Nice, we received noise! Well, if you look at the output, you’ll discover a tuple, that returned :ok (Which is good!), and a whole bunch of other data. (Body and header). If we look in the body, we can see the string from the Wikipedia article on Elixir (a liquid, not our language).

Parse fetched data

We are going to use the second dependency we installed, Poison, to handle and extract the body of our fetched data:

# lib/wiki_dream/json_fetch.ex
......
def handle_json({:ok, %{status_code: 200, body: body}}) do
{:ok, Poison.Parser.parse!(body)}
end
def handle_json({_, %{status_code: _, body: body}}) do
IO.puts “Something went wrong. Please check your internet
connection”
end
......

So, we have two handle_json/1 functions, one that handles a tuple with the atom :ok, and a map with status_code: 200, and another one which handles everything else. Our first handle_json/1 function will return a tuple with :ok, and a map with the body. The other one will return our error.

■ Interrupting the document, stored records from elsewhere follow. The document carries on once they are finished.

lemma steinberg_ring_hom_diff:
  fixes f g :: "'g::t2_space \<Rightarrow> 'a::field"
  assumes "steinberg_ring_hom r s m \<sigma> \<pi>" "f \<in> steinberg" "g \<in> steinberg"
  shows "\<pi> (\<lambda>x. f x - g x) = \<pi> f - \<pi> g"
  using steinberg_ring_hom_add[OF assms(1) steinberg_diff[OF assms(2,3)] assms(3)]
  by (simp add: eq_diff_eq)

lemma steinberg_ring_hom_mult:
  assumes "steinberg_ring_hom r s m \<sigma> \<pi>" "f \<in> steinberg" "g \<in> steinberg"
  shows "\<pi> (twisted_conv r s m \<sigma> f g) = \<pi> f * \<pi> g"
  using assms unfolding steinberg_ring_hom_def by blast

lemma inj_on_steinberg_iff_kernel:
  fixes \<pi> :: "('g::t2_space \<Rightarrow> 'a::field) \<Rightarrow> 'q::ring"
  assumes hom: "steinberg_ring_hom r s m \<sigma> \<pi>"
  shows "inj_on \<pi> steinberg \<longleftrightarrow> (\<forall>h\<in>steinberg. \<pi> h = 0 \<longrightarrow> h = (\<lambda>x. 0))"
proof -
  have zero: "(\<lambda>x::'g. 0::'a) \<in> steinberg"
    by (rule steinbergI[of _ "{}"]) (auto intro: locally_constant_const)
  then have "\<pi> (\<lambda>x. 0) = 0"
    using steinberg_ring_hom_diff[OF hom zero zero] by simp
  moreover have "\<pi> f = \<pi> g \<longleftrightarrow> \<pi> (\<lambda>x. f x - g x) = 0" "f = g \<longleftrightarrow> (\<lambda>x. f x - g x) = (\<lambda>x. 0)"
    if "f \<in> steinberg" "g \<in> steinberg" for f g
    using steinberg_ring_hom_diff[OF hom that] by (auto simp: fun_eq_iff)
  ultimately show ?thesis
    using zero steinberg_diff unfolding inj_on_def by metis
qed

section \<open>Groupoid identities and twisted convolution\<close>

lemma twisted_conv_eq_sum:
  assumes "finite P"
    and "P \<subseteq> {(a, b). s a = r b \<and> m a b = \<gamma>}"
    and "\<And>a b. s a = r b \<Longrightarrow> m a b = \<gamma> \<Longrightarrow> f a \<noteq> 0 \<Longrightarrow> g b \<noteq> 0 \<Longrightarrow> (a, b) \<in> P"
  shows "twisted_conv r s m \<sigma> f g \<gamma> = (\<Sum>(a, b)\<in>P. \<sigma> (a, b) * f a * g b)"
  unfolding twisted_conv_def using assms by (intro sum.mono_neutral_left) auto

lemma twisted_conv_scale_right:
  "twisted_conv r s m \<sigma> f (\<lambda>x. c * g x) = (\<lambda>\<gamma>. c * twisted_conv r s m \<sigma> f g \<gamma>)"
proof (cases "c = 0")
  case False
  then show ?thesis
    by (simp add: twisted_conv_def sum_distrib_left case_prod_beta mult_ac)
qed (simp add: twisted_conv_def)

lemma cocycle_normalised: "cocycle r s m \<sigma> \<Longrightarrow> \<sigma> (r g, g) = 1"
  unfolding cocycle_def by blast

lemma cocycle_nonzero: "cocycle r s m \<sigma> \<Longrightarrow> s a = r b \<Longrightarrow> \<sigma> (a, b) \<noteq> 0"
  unfolding cocycle_def composable_def by blast

locale abstract_groupoid =
  fixes r s :: "'g \<Rightarrow> 'g" and m :: "'g \<Rightarrow> 'g \<Rightarrow> 'g" and i :: "'g \<Rightarrow> 'g"
  assumes is_groupoid: "groupoid r s m i"
begin

lemma range_source_simps [simp]:
  "r (r x) = r x" "s (r x) = r x" "r (s x) = s x" "s (s x) = s x" "r (i x) = s x" "s (i x) = r x"
  using is_groupoid unfolding groupoid_def by auto

lemma unit_mult_simps [simp]:
  "m (r x) x = x" "m x (s x) = x" "m x (i x) = r x" "m (i x) x = s x"
  using is_groupoid unfolding groupoid_def by auto

lemma range_mult: "s x = r y \<Longrightarrow> r (m x y) = r x"
  and source_mult: "s x = r y \<Longrightarrow> s (m x y) = s y"
  using is_groupoid unfolding groupoid_def by auto

lemma mult_assoc: "s x = r y \<Longrightarrow> s y = r z \<Longrightarrow> m (m x y) z = m x (m y z)"
  using is_groupoid unfolding groupoid_def by auto

lemma inverse_inverse [simp]: "i (i x) = x"
proof -
  have "i (i x) = m (i (i x)) (s (i (i x)))"
    by (rule unit_mult_simps(2)[symmetric])
  also have "\<dots> = m (i (i x)) (m (i x) x)"
    by simp
  also have "\<dots> = m (m (i (i x)) (i x)) x"
    by (rule mult_assoc[symmetric]) simp_all
  also have "\<dots> = x"
    by simp
  finally show ?thesis .
qed

lemma units_iff_range: "u \<in> units r \<longleftrightarrow> r u = u"
  unfolding units_def by (metis range_source_simps(1) rangeE rangeI)

lemma units_iff_source: "u \<in> units r \<longleftrightarrow> s u = u"
  unfolding units_iff_range by (metis range_source_simps(2,3))

lemma eq_inverse_if_mult_unit:
  assumes "s a = r b" "m a b \<in> units r"
  shows "a = i b"
proof -
  have "m a b = r (i b)"
    using assms source_mult[OF assms(1)] units_iff_source by simp
  have "a = m a (m b (i b))"
    by (metis assms(1) unit_mult_simps(2,3))
  also have "\<dots> = m (m a b) (i b)"
    using assms(1) by (simp add: mult_assoc)
  also have "\<dots> = i b"
    using \<open>m a b = r (i b)\<close> unit_mult_simps(1) by metis
  finally show ?thesis .
qed

lemma twisted_conv_units_indicator_left:
  fixes \<sigma> :: "'g \<times> 'g \<Rightarrow> 'a::field"
  assumes "V \<subseteq> units r" and "\<And>g. \<sigma> (r g, g) = 1"
  shows "twisted_conv r s m \<sigma> (indicator V) q = (\<lambda>\<gamma>. indicator V (r \<gamma>) * q \<gamma>)"
proof
  fix \<gamma>
  have "twisted_conv r s m \<sigma> (indicator V) q \<gamma> =
      (\<Sum>(a, b)\<in>{(r \<gamma>, \<gamma>)}. \<sigma> (a, b) * indicator V a * q b)"
  proof (rule twisted_conv_eq_sum)
    fix a b
    assume "s a = r b" "m a b = \<gamma>" "indicator V a \<noteq> (0::'a)"
    then have "a = r b"
      using assms(1) units_iff_source by (auto simp: indicator_def split: if_splits)
    with \<open>m a b = \<gamma>\<close> show "(a, b) \<in> {(r \<gamma>, \<gamma>)}"
      by auto
  qed simp_all
  then show "twisted_conv r s m \<sigma> (indicator V) q \<gamma> = indicator V (r \<gamma>) * q \<gamma>"
    using assms(2) by simp
qed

Let’s add our handle_json/1 to our fetch/1 function:

# lib/wiki_dream/json_fetch.exdef fetch(search_term) do
wiki_url(search_term)
|> HTTPoison.get
|> handle_json
|> IO.inspect
end
......

Build the escript, and run the application:

~/wiki_dream$ ./wiki_dream elixir
{:ok,
%{“batchcomplete” => “”,
“query” => %{“normalized” => [%{“from” => “elixir”, “to” => “Elixir”}],
“pages” => %{“457424” => %{“extract” => “An elixir (from Arabic: الإكسير — al-’iksīr) is a clear, sweet-flavored liquid used for medicinal purposes, to be taken orally and intended to cure one’s illness. When used as a pharmaceutical preparation, an elixir contains at least one active ingredient designed to be taken orally.”,“ns” => 0, “pageid” => 457424, “title” => “Elixir”}}}}}

Sweet. Everything went as expected. We received a tuple with :ok and a map with the body. Now, go ahead and delete the line in fetch/1, IO.inspect, as we don’t need it anymore.

Extract the information we want from the data

Now, if you take a look at the received data, you’ll notice that the information we are looking for is the value of the key “extract”. We need to make our way through this map and fetch “extract”s value.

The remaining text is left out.